We're Sorry for the Downtime

Fruition's server admin, its response team, and all team members sincerely apologize for this evenings outage. This incident likely caused extra stress for website owners because of the upcoming ecommerce shopping season. There is never a good time for an outage and one right before a major shopping event certainly causes additional stress because of the fear of lost holiday shopping revenue.

Assurances

We want to assure you that we are fully aware of the stakes involved with hosting and take all outages seriously. This particular server, with this outage included, has over 99.9% up-time for this year. We take that high up-time history seriously and strive to never have down time.

Timing

At Fruition we've been hosting websites for 15 years and we know things break, configurations go bad, and unknown issues pop up..All to often these issues pop up at in-opportune times.

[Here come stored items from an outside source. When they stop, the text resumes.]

(* If a collection $\mathcal Q$ of probability measures on $\{0,1\}^{\mathbb N}$ is separable in its means, then $\mathcal Q$ is UME-learnable.
   Context: $\{0,1\}^{\mathbb N}$ carries the product $\sigma$-algebra. For a probability measure $\mu$ on $\{0,1\}^{\mathbb N}$, $\mathrm{Mean}(\mu)\in[0,1]^{\mathbb N}$ is the vector whose $j$-th coordinate is $\mathbb E[X_j]$ for $X\sim\mu$; $\mathrm{Mean}(\mathcal Q)=\{\mathrm{Mean}(\mu):\mu\in\mathcal Q\}$. For $\varepsilon>0$, a countable $\varepsilon$-cover of $\mathrm{Mean}(\mathcal Q)$ is a countable set $C\subset[0,1]^{\mathbb N}$ such that every $q\in\mathrm{Mean}(\mathcal Q)$ has some $p\in C$ with $\|q-p\|_\infty<\varepsilon$. $\mathcal Q$ is separable in its means if for every $\varepsilon>0$ a countable $\varepsilon$-cover of $\mathrm{Mean}(\mathcal Q)$ exists, and non-separable in its means otherwise. $\mathcal Q$ is UME-learnable if there exist (measurable) estimators $\mathcal A_n:(\{0,1\}^{\mathbb N})^n\to[0,1]^{\mathbb N}$, $n\in\mathbb N$, such that for every $\mu\in\mathcal Q$, $\mathbb E_{S\sim\mu^n}\|\mathcal A_n(S)-\mathrm{Mean}(\mu)\|_\infty\to0$ as $n\to\infty$, where $S$ consists of $n$ i.i.d. draws from $\mu$. *)

theory Defs
  imports "HOL-Probability.Probability"
begin

text \<open>The Cantor space {0,1}^N with the product sigma-algebra; points are nat => bool,
  coordinate j being 1 iff x j.\<close>
definition cantor :: "(nat \<Rightarrow> bool) measure" where
  "cantor = PiM UNIV (\<lambda>_. count_space UNIV)"

definition prob_on_cantor :: "(nat \<Rightarrow> bool) measure \<Rightarrow> bool" where
  "prob_on_cantor \<mu> \<longleftrightarrow> sets \<mu> = sets cantor \<and> prob_space \<mu>"

definition Mean :: "(nat \<Rightarrow> bool) measure \<Rightarrow> nat \<Rightarrow> real" where
  "Mean \<mu> = (\<lambda>j. \<integral>x. (if x j then 1 else 0) \<partial>\<mu>)"

definition cube :: "(nat \<Rightarrow> real) set" where
  "cube = {p. \<forall>j. p j \<in> {0..1}}"

definition sup_dist :: "(nat \<Rightarrow> real) \<Rightarrow> (nat \<Rightarrow> real) \<Rightarrow> real" where
  "sup_dist p q = (SUP j. \<bar>p j - q j\<bar>)"

definition separable_in_means :: "(nat \<Rightarrow> bool) measure set \<Rightarrow> bool" where
  "separable_in_means Q \<longleftrightarrow>
     (\<forall>\<epsilon>>0. \<exists>C. countable C \<and> C \<subseteq> cube \<and>
        (\<forall>q \<in> Mean ` Q. \<exists>p\<in>C. sup_dist q p < \<epsilon>))"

The outage tonight coincided with a major hardware upgrade that was scheduled for just 30 minutes after this incident started. That caused some confusion for customers. who were anticipating the planned downtime. We had plenty of hands available to complete the planned upgrade and fix the down server thus the planned maintenance proceeded. .

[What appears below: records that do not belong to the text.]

lemma q_eigenvalue_less_twice_max_degree:
  assumes conn: "connected_graph n E" and nreg: "\<not> regular n E" and e: "e \<in># q_eigenvalues n E"
  shows "e < 2 * real (max_degree n E)"
proof (rule ccontr)
  assume "\<not> e < 2 * real (max_degree n E)"
  then have ge: "2 * real (max_degree n E) \<le> e" by simp
  obtain i0 y where i0: "i0 < n" and pos: "0 < y i0" and max: "\<And>j. j < n \<Longrightarrow> \<bar>y j\<bar> \<le> y i0"
    and eq: "\<And>i. i < n \<Longrightarrow> e * y i = real (deg i) * y i + (\<Sum>j\<in>nbrs i. y j)"
    using q_eigenvalue_eigenvector_max_entry[OF e] by blast
  have at_max: "e = 2 * real (deg j) \<and> (\<forall>k\<in>nbrs j. y k = y i0)" if j: "j < n" "y j = y i0" for j
  proof -
    have pos_j: "0 < y j" and max_j: "\<And>k. k < n \<Longrightarrow> \<bar>y k\<bar> \<le> y j"
      using j pos max by auto
    have eq_j: "e * y j = real (deg j) * y j + (\<Sum>k\<in>nbrs j. y k)" by (rule eq[OF j(1)])
    have "e \<le> 2 * real (deg j)" by (rule eigen_equation_at_max_entry(2)[OF j(1) pos_j max_j eq_j])
    moreover have "deg j \<le> max_degree n E" using degree_le_max_degree j by simp
    ultimately have "e = 2 * real (deg j)" using ge by linarith
    with eigen_equation_at_max_entry(3)[OF j(1) pos_j max_j eq_j] j show ?thesis by auto
  qed
  have reach: "y j = y i0" if "E\<^sup>*\<^sup>* i0 j" for j
    using that
  proof (induct rule: rtranclp_induct)
    case (step j k)
    then have "j < n" "k \<in> nbrs j" using edgeD[OF step(2)] by (auto simp: mem_nbrs_iff)
    then show ?case using at_max[OF \<open>j < n\<close> step(3)] by blast
  qed simp
  have "deg j = max_degree n E" if "j < n" for j
  proof -
    have "E\<^sup>*\<^sup>* i0 j" using conn i0 that unfolding connected_graph_def by blast
    then have "e = 2 * real (deg j)" using at_max[OF that reach] by blast
    then have "real (max_degree n E) \<le> real (deg j)" using ge by linarith
    then show ?thesis using degree_le_max_degree[OF that] by linarith
  qed
  then have "regular n E" unfolding regular_def by simp
  with nreg show False ..
qed

lemma avg_deg_less_max_degree:
  assumes "0 < n" and "\<not> regular n E"
  shows "avg_deg n E < real (max_degree n E)"
proof -
  obtain q where q: "q < n" "deg q = min_degree n E" using min_degree_attained[OF assms(1)] .
  then have "deg q \<noteq> max_degree n E"
    using regular_iff_min_degree_eq_max_degree[OF assms(1)] assms(2) by simp
  with degree_le_max_degree[OF q(1)] have "deg q < max_degree n E" by simp
  then have "(\<Sum>i<n. real (deg i)) < (\<Sum>i<n. real (max_degree n E))"
    using q(1) by (intro sum_strict_mono_ex1) (auto intro: degree_le_max_degree)
  then show ?thesis unfolding avg_deg_eq_mean_degree using assms(1) by (simp add: divide_less_eq mult.commute)
qed

lemma sum_q_eigenvalues_shift_square_ge:
  assumes "0 < n"
  shows "2 * real (num_edges n E) + (1/2) * (real (max_degree n E) - real (min_degree n E))\<^sup>2
         \<le> (\<Sum>e\<in>#q_eigenvalues n E. (e - c)\<^sup>2)"
proof (cases "max_degree n E = min_degree n E")
  case True
  then show ?thesis
    unfolding sum_q_eigenvalues_shift_square by (simp add: sum_nonneg)
next
  case False
  obtain p where p: "p < n" "deg p = max_degree n E" using max_degree_attained assms by blast
  obtain q where q: "q < n" "deg q = min_degree n E" using min_degree_attained assms by blast
  have "p \<noteq> q" using p q False by auto
  have "(real (max_degree n E) - real (min_degree n E))\<^sup>2 / 2
        \<le> (\<Sum>i\<in>{p, q}. (real (deg i) - c)\<^sup>2)"
    using half_square_diff_le_sum_squares \<open>p \<noteq> q\<close> p q by simp
  also have "\<dots> \<le> (\<Sum>i<n. (real (deg i) - c)\<^sup>2)" by (rule sum_mono2) (use p q in auto)
  finally show ?thesis unfolding sum_q_eigenvalues_shift_square by simp
qed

The planned maintenance was necessary for a major hardware upgrade to mitigate future scalability, security, and stability of Fruition's hosting infrastructure. The upgrade was completed as scheduled and on-time.

Cause of Downtime

The initial cause of this downtime was an errant reboot. Then the server did not reboot because of a corrupted boot sector. After the boot sector was repaired additional issues were discovered with filesystem and disks. Those issues were fixed.which took a significant amount of time because of the size of the storage and automated disk checks which run when issues appear to ensure data integrity.. After the scans completed the server was rebooted. The server rebooted fine. After reboot individual websites were checked and confirmed to be fully operations. The server is now fully operational.

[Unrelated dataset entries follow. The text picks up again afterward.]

lemma padded_words_pad_pair_fib_rep:
  assumes "w \<in> padded_words lo hi s"
  shows "\<exists>n\<in>excess_window lo hi s. w = pad_pair (fib_rep n) s"
proof -
  obtain k f where kf: "lo \<le> k" "k \<le> hi" "length f = k + length s" "no_adj_ones f"
    "k = 0 \<or> hd f" "w = zip f (replicate k False @ s)"
    using assms unfolding padded_words_def by blast
  define n where "n = zeck_val f"
  have f: "f = padded_rep n (length f)" using eq_padded_rep_zeck_val[OF kf(4)] by (simp add: n_def)
  show ?thesis
  proof (cases "k = 0")
    case True
    then have lr: "length (fib_rep n) \<le> length s"
      using f kf(3) by (metis le_add2 length_append padded_rep_def add_0 add.commute)
    then have "pad_pair (fib_rep n) s = w"
      using f kf True by (simp add: pad_pair_def Let_def max_def padded_rep_def)
    moreover have "n \<in> excess_window lo hi s" using lr kf True by (simp add: excess_window_def)
    ultimately show ?thesis by blast
  next
    case False
    then have "canonical f" using kf by (auto simp: canonical_def)
    then have rf: "fib_rep n = f" by (simp add: n_def fib_rep_zeck_val)
    then have "pad_pair (fib_rep n) s = w" using kf by (simp add: pad_pair_longer)
    moreover have "n \<in> excess_window lo hi s" using rf kf by (simp add: excess_window_def)
    ultimately show ?thesis by blast
  qed
qed

lemma bij_betw_excess_window_padded_words:
  "bij_betw (\<lambda>n. pad_pair (fib_rep n) s) (excess_window lo hi s) (padded_words lo hi s)"
proof (rule bij_betw_imageI)
  show "inj_on (\<lambda>n. pad_pair (fib_rep n) s) (excess_window lo hi s)"
  proof (rule inj_onI)
    fix n n' assume "pad_pair (fib_rep n) s = pad_pair (fib_rep n') s"
    then have "zeck_val (map fst (pad_pair (fib_rep n) s)) = zeck_val (map fst (pad_pair (fib_rep n') s))" by simp
    then show "n = n'" by (simp add: map_fst_pad_pair_fib_rep)
  qed
  show "(\<lambda>n. pad_pair (fib_rep n) s) ` excess_window lo hi s = padded_words lo hi s"
    using pad_pair_fib_rep_mem_padded_words padded_words_pad_pair_fib_rep by blast
qed

lemma card_excess_window_padded_words:
  "card {n \<in> excess_window lo hi s. P (pad_pair (fib_rep n) s)} = card {w \<in> padded_words lo hi s. P w}"
proof -
  have "bij_betw (\<lambda>n. pad_pair (fib_rep n) s) {n \<in> excess_window lo hi s. P (pad_pair (fib_rep n) s)} {w \<in> padded_words lo hi s. P w}"
    using bij_betw_excess_window_padded_words[of s lo hi] unfolding bij_betw_def inj_on_def by auto
  then show ?thesis by (rule bij_betw_same_card)
qed

definition accepted_count :: "dfa \<Rightarrow> nat \<Rightarrow> nat \<Rightarrow> bool list \<Rightarrow> nat" where
  "accepted_count A lo hi s = card {w \<in> padded_words lo hi s. dfa_accepts A w}"

lemma code_near_count_eq_accepted_count:
  assumes sy: "fib_synchronized_by A a"
  shows "code_near_count (dfa_code A) (length (fib_rep v)) v = accepted_count A 0 (pump_gap A) (fib_rep v)"
proof -
  have "{n. length (fib_rep n) \<le> length (fib_rep v) + pump_gap A \<and> a n = v} =
      {n \<in> excess_window 0 (pump_gap A) (fib_rep v). dfa_accepts A (pad_pair (fib_rep n) (fib_rep v))}"
    by (auto simp: excess_window_def synchronized_accepts[OF sy])
  then show ?thesis
    unfolding code_near_count_eq[OF sy] accepted_count_def
    by (simp add: card_excess_window_padded_words[where P = "dfa_accepts A"])
qed

lemma code_far_count_eq_accepted_count:
  assumes sy: "fib_synchronized_by A a"
  shows "code_far_count (dfa_code A) (length (fib_rep v)) v = accepted_count A (Suc (pump_gap A)) (2 * pump_gap A) (fib_rep v)"
proof -
  have "{n. length (fib_rep v) + pump_gap A < length (fib_rep n) \<and> length (fib_rep n) \<le> length (fib_rep v) + 2 * pump_gap A \<and> a n = v} =
      {n \<in> excess_window (Suc (pump_gap A)) (2 * pump_gap A) (fib_rep v). dfa_accepts A (pad_pair (fib_rep n) (fib_rep v))}"
    by (auto simp: excess_window_def synchronized_accepts[OF sy])
  then show ?thesis
    unfolding code_far_count_eq[OF sy] accepted_count_def
    by (simp add: card_excess_window_padded_words[where P = "dfa_accepts A"])
qed

lemma card_filter_eq_sum_fibers:
  assumes "finite S" "finite T" "\<And>x. x \<in> S \<Longrightarrow> f x \<in> T"
  shows "card {x \<in> S. P (f x)} = (\<Sum>t\<in>{t \<in> T. P t}. card {x \<in> S. f x = t})"
proof -
  have "{x \<in> S. P (f x)} = (\<Union>t\<in>{t \<in> T. P t}. {x \<in> S. f x = t})" using assms(3) by auto
  moreover have "card (\<Union>t\<in>{t \<in> T. P t}. {x \<in> S. f x = t}) = (\<Sum>t\<in>{t \<in> T. P t}. card {x \<in> S. f x = t})"
    by (rule card_UN_disjoint) (use assms in auto)
  ultimately show ?thesis by simp
qed

lemma finite_padded_words: "finite (padded_words lo hi s)"
proof -
  have "padded_words lo hi s \<subseteq> {w. set w \<subseteq> UNIV \<and> length w \<le> hi + length s}" by (auto simp: padded_words_def)
  moreover have "finite {w :: (bool \<times> bool) list. set w \<subseteq> UNIV \<and> length w \<le> hi + length s}"
    by (rule finite_lists_length_le) simp
  ultimately show ?thesis by (rule finite_subset)
qed

definition ends_with_one :: "(bool \<times> bool) list \<Rightarrow> bool" where "ends_with_one w \<longleftrightarrow> w \<noteq> [] \<and> fst (last w)"

definition dfa_run :: "dfa \<Rightarrow> (bool \<times> bool) list \<Rightarrow> nat" where "dfa_run A w = foldl (dfa_step A) (init A) w"

lemma last_zip: "length f = length g \<Longrightarrow> f \<noteq> [] \<Longrightarrow> last (zip f g) = (last f, last g)"
proof (induction f arbitrary: g rule: rev_induct)
  case Nil then show ?case by simp
next
  case (snoc x xs)
  then obtain g' y where "g = g' @ [y]" by (cases g rule: rev_cases) auto
  then show ?case using snoc by simp
qed

lemma ends_with_one_zip: "length f = length g \<Longrightarrow> ends_with_one (zip f g) \<longleftrightarrow> f \<noteq> [] \<and> last f"
  by (cases "f = []") (auto simp: ends_with_one_def last_zip)

lemma snoc_mem_padded_words:
  assumes w: "w \<in> padded_words lo hi s" and d: "\<not> (ends_with_one w \<and> d)"
  shows "w @ [(d, c)] \<in> padded_words lo hi (s @ [c])"
proof -
  obtain k f where kf: "lo \<le> k" "k \<le> hi" "length f = k + length s" "no_adj_ones f"
      "k = 0 \<or> hd f" "w = zip f (replicate k False @ s)"
    using w unfolding padded_words_def by auto
  have "\<not> (f \<noteq> [] \<and> last f \<and> d)" using d kf by (simp add: ends_with_one_zip)
  then have "no_adj_ones (f @ [d])" using kf by (auto simp: no_adj_ones_append)
  moreover have "k = 0 \<or> hd (f @ [d])"
  proof (cases "k = 0")
    case False then have "f \<noteq> []" using kf by auto
    then show ?thesis using kf(5) by simp
  qed simp
  moreover have "w @ [(d, c)] = zip (f @ [d]) (replicate k False @ s @ [c])"
    using kf(3,6) zip_append[of f "replicate k False @ s" "[d]" "[c]"] by simp
  ultimately show ?thesis
    unfolding padded_words_def using kf by (intro CollectI exI[of _ k] exI[of _ "f @ [d]"]) auto
qed

lemma padded_words_snoc_cases:
  assumes "w \<in> padded_words lo hi (s @ [c])"
  shows "\<exists>w' d. w' \<in> padded_words lo hi s \<and> \<not> (ends_with_one w' \<and> d) \<and> w = w' @ [(d, c)]"
proof -
  obtain k f where kf: "lo \<le> k" "k \<le> hi" "length f = k + length (s @ [c])" "no_adj_ones f"
      "k = 0 \<or> hd f" "w = zip f (replicate k False @ s @ [c])"
    using assms unfolding padded_words_def by auto
  then obtain f' d where f: "f = f' @ [d]" by (cases f rule: rev_cases) auto
  have lf': "length f' = k + length s" using kf f by simp
  have w: "w = zip f' (replicate k False @ s) @ [(d, c)]"
    using kf(6) f lf' zip_append[of f' "replicate k False @ s" "[d]" "[c]"] by simp
  have na: "no_adj_ones f'" "\<not> (f' \<noteq> [] \<and> last f' \<and> d)" using kf(4) f by (auto simp: no_adj_ones_append)
  have hd: "k = 0 \<or> hd f'"
  proof (cases "k = 0")
    case False then have "f' \<noteq> []" using lf' by auto
    then show ?thesis using kf(5) f by simp
  qed simp
  have "zip f' (replicate k False @ s) \<in> padded_words lo hi s"
    unfolding padded_words_def using kf lf' na hd by blast
  moreover have "\<not> (ends_with_one (zip f' (replicate k False @ s)) \<and> d)"
    using na lf' by (simp add: ends_with_one_zip)
  ultimately show ?thesis using w by blast
qed

lemma padded_words_snoc:
  "padded_words lo hi (s @ [c]) =
    (\<lambda>(w, d). w @ [(d, c)]) ` {(w, d). w \<in> padded_words lo hi s \<and> \<not> (ends_with_one w \<and> d)}"
proof (intro equalityI subsetI)
  fix w assume "w \<in> padded_words lo hi (s @ [c])"
  then obtain w' d where "w' \<in> padded_words lo hi s" "\<not> (ends_with_one w' \<and> d)" "w = w' @ [(d, c)]"
    using padded_words_snoc_cases by blast
  then show "w \<in> (\<lambda>(w, d). w @ [(d, c)]) ` {(w, d). w \<in> padded_words lo hi s \<and> \<not> (ends_with_one w \<and> d)}"
    by (intro image_eqI[of _ _ "(w', d)"]) auto
qed (auto intro: snoc_mem_padded_words)

definition run_flags :: "dfa \<Rightarrow> (nat \<times> bool) set" where "run_flags A = {..<nstates A} \<times> UNIV"

lemma finite_run_flags: "finite (run_flags A)" by (simp add: run_flags_def)

lemma run_flags_mem: "dfa_wf A \<Longrightarrow> (dfa_run A w, ends_with_one w) \<in> run_flags A"
  using foldl_dfa_step_less[of A "init A" w] by (simp add: run_flags_def dfa_run_def dfa_wf_def)

text \<open>Counts are split by the state reached and by the last digit of the first track, which decides
  whether that track may continue with a 1.\<close>
definition flag_count :: "dfa \<Rightarrow> nat \<Rightarrow> nat \<Rightarrow> bool list \<Rightarrow> nat \<times> bool \<Rightarrow> nat" where
  "flag_count A lo hi s p = card {w \<in> padded_words lo hi s. (dfa_run A w, ends_with_one w) = p}"

lemma accepted_count_eq_sum_flag_count: "dfa_wf A \<Longrightarrow> accepted_count A lo hi s = (\<Sum>p\<in>{p \<in> run_flags A. final A ! fst p}. flag_count A lo hi s p)"
  unfolding accepted_count_def flag_count_def dfa_accepts_def
  using card_filter_eq_sum_fibers[OF finite_padded_words finite_run_flags, of lo hi s "\<lambda>w. (dfa_run A w, ends_with_one w)" A "\<lambda>p. final A ! fst p"] run_flags_mem
  by (simp add: dfa_run_def)

lemma flag_count_snoc:
  assumes wf: "dfa_wf A"
  shows "flag_count A lo hi (s @ [c]) (q', l') =
    (\<Sum>p\<in>{p \<in> run_flags A. \<not> (snd p \<and> l') \<and> dfa_step A (fst p) (l', c) = q'}. flag_count A lo hi s p)"
proof -
  have e: "{w' \<in> padded_words lo hi (s @ [c]). (dfa_run A w', ends_with_one w') = (q', l')} =
     (\<lambda>w. w @ [(l', c)]) ` {w \<in> padded_words lo hi s. \<not> (ends_with_one w \<and> l') \<and> dfa_step A (dfa_run A w) (l', c) = q'}"
  proof
    show "{w' \<in> padded_words lo hi (s @ [c]). (dfa_run A w', ends_with_one w') = (q', l')} \<subseteq>
     (\<lambda>w. w @ [(l', c)]) ` {w \<in> padded_words lo hi s. \<not> (ends_with_one w \<and> l') \<and> dfa_step A (dfa_run A w) (l', c) = q'}"
    proof
      fix w' assume a: "w' \<in> {w' \<in> padded_words lo hi (s @ [c]). (dfa_run A w', ends_with_one w') = (q', l')}"
      then obtain w d where wd: "w \<in> padded_words lo hi s" "\<not> (ends_with_one w \<and> d)" "w' = w @ [(d, c)]"
        unfolding padded_words_snoc by auto
      have "d = l'" using a wd by (simp add: ends_with_one_def)
      then show "w' \<in> (\<lambda>w. w @ [(l', c)]) ` {w \<in> padded_words lo hi s. \<not> (ends_with_one w \<and> l') \<and> dfa_step A (dfa_run A w) (l', c) = q'}"
        using a wd by (auto simp: dfa_run_def)
    qed
    show "(\<lambda>w. w @ [(l', c)]) ` {w \<in> padded_words lo hi s. \<not> (ends_with_one w \<and> l') \<and> dfa_step A (dfa_run A w) (l', c) = q'} \<subseteq>
        {w' \<in> padded_words lo hi (s @ [c]). (dfa_run A w', ends_with_one w') = (q', l')}"
      unfolding padded_words_snoc by (auto simp: dfa_run_def ends_with_one_def)
  qed
  have "flag_count A lo hi (s @ [c]) (q', l') = card {w \<in> padded_words lo hi s. \<not> (ends_with_one w \<and> l') \<and> dfa_step A (dfa_run A w) (l', c) = q'}"
    unfolding flag_count_def e by (rule card_image) (simp add: inj_on_def)
  also have "\<dots> = card {w \<in> padded_words lo hi s. (\<lambda>p. \<not> (snd p \<and> l') \<and> dfa_step A (fst p) (l', c) = q') (dfa_run A w, ends_with_one w)}"
    by simp
  also have "\<dots> = (\<Sum>p\<in>{p \<in> run_flags A. \<not> (snd p \<and> l') \<and> dfa_step A (fst p) (l', c) = q'}. flag_count A lo hi s p)"
    unfolding flag_count_def by (rule card_filter_eq_sum_fibers[OF finite_padded_words finite_run_flags]) (rule run_flags_mem[OF wf])
  finally show ?thesis .
qed

section \<open>Locating a short disagreement\<close>

text \<open>A coordinate (x, g, q, l) selects the automaton (A if x), the window of lengths (far if g),
  a state q and the last-digit flag l.\<close>
type_synonym coord = "bool \<times> bool \<times> nat \<times> bool"

definition pick_dfa :: "dfa \<Rightarrow> dfa \<Rightarrow> bool \<Rightarrow> dfa" where "pick_dfa A B x = (if x then A else B)"
definition window_lo :: "dfa \<Rightarrow> bool \<Rightarrow> nat" where "window_lo A g = (if g then Suc (pump_gap A) else 0)"
definition window_hi :: "dfa \<Rightarrow> bool \<Rightarrow> nat" where "window_hi A g = (if g then 2 * pump_gap A else pump_gap A)"

definition coords :: "dfa \<Rightarrow> dfa \<Rightarrow> coord set" where
  "coords A B = {(x, g, q, l). q < nstates (pick_dfa A B x)}"

definition count_vec :: "dfa \<Rightarrow> dfa \<Rightarrow> bool list \<Rightarrow> coord \<Rightarrow> nat" where
  "count_vec A B s i = (case i of (x, g, q, l) \<Rightarrow>
     if q < nstates (pick_dfa A B x) then flag_count (pick_dfa A B x) (window_lo (pick_dfa A B x) g) (window_hi (pick_dfa A B x) g) s (q, l) else 0)"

Worst Case Scenario (which did not happen)

In the event that the server did not reboot after the filesystem and boot fixes it would have been restored using Idera Bare Metal recovery disk..Here, the issue was local and not related to a specific geographic datacenter. Thus, a new server would have been turned on and the restore would have began. The full restore would have taken ~8 hours. Again, with the hardware upgrade that was unrelated to this outage future downtime and restores will be less.

Future Downtime

Part of the planned upgrade was to migrate servers to a more redundant setup. Some downtime will be schedule in the future to facilitate that move.

Again everyone here at Fruition appreciates your business and we sincerely apologize for this evenings downtime.

Posted almost 3 years ago. Nov 25, 2014 - 22:33 MST

Resolved
This incident has been resolved.
Posted almost 3 years ago. Nov 25, 2014 - 21:45 MST
Update
A disk was previously incorrectly added to ext2 instead of ext3. This triggered quotacheck on boot. This is being fixed now as is a filesystem issue. We believe all issues have been identified and we are nearing a resolution. The final processes take 30-40 minutes for completion...
Posted almost 3 years ago. Nov 25, 2014 - 20:54 MST
Update
Grub and kernel issues have been repaired. We are now rebooting again to check the repair. Filesystem issues were detected on boot and need to be addressed before public connectivity is restored to the server. This process usually takes 30-60 minutes.
Posted almost 3 years ago. Nov 25, 2014 - 19:53 MST
Update
Kernel and boot loaders are corrupted. Repairs are ongoing..
Posted almost 3 years ago. Nov 25, 2014 - 19:40 MST
Identified
We are investigating a server outage on a co-located server in Dallas.
Posted almost 3 years ago. Nov 25, 2014 - 16:49 MST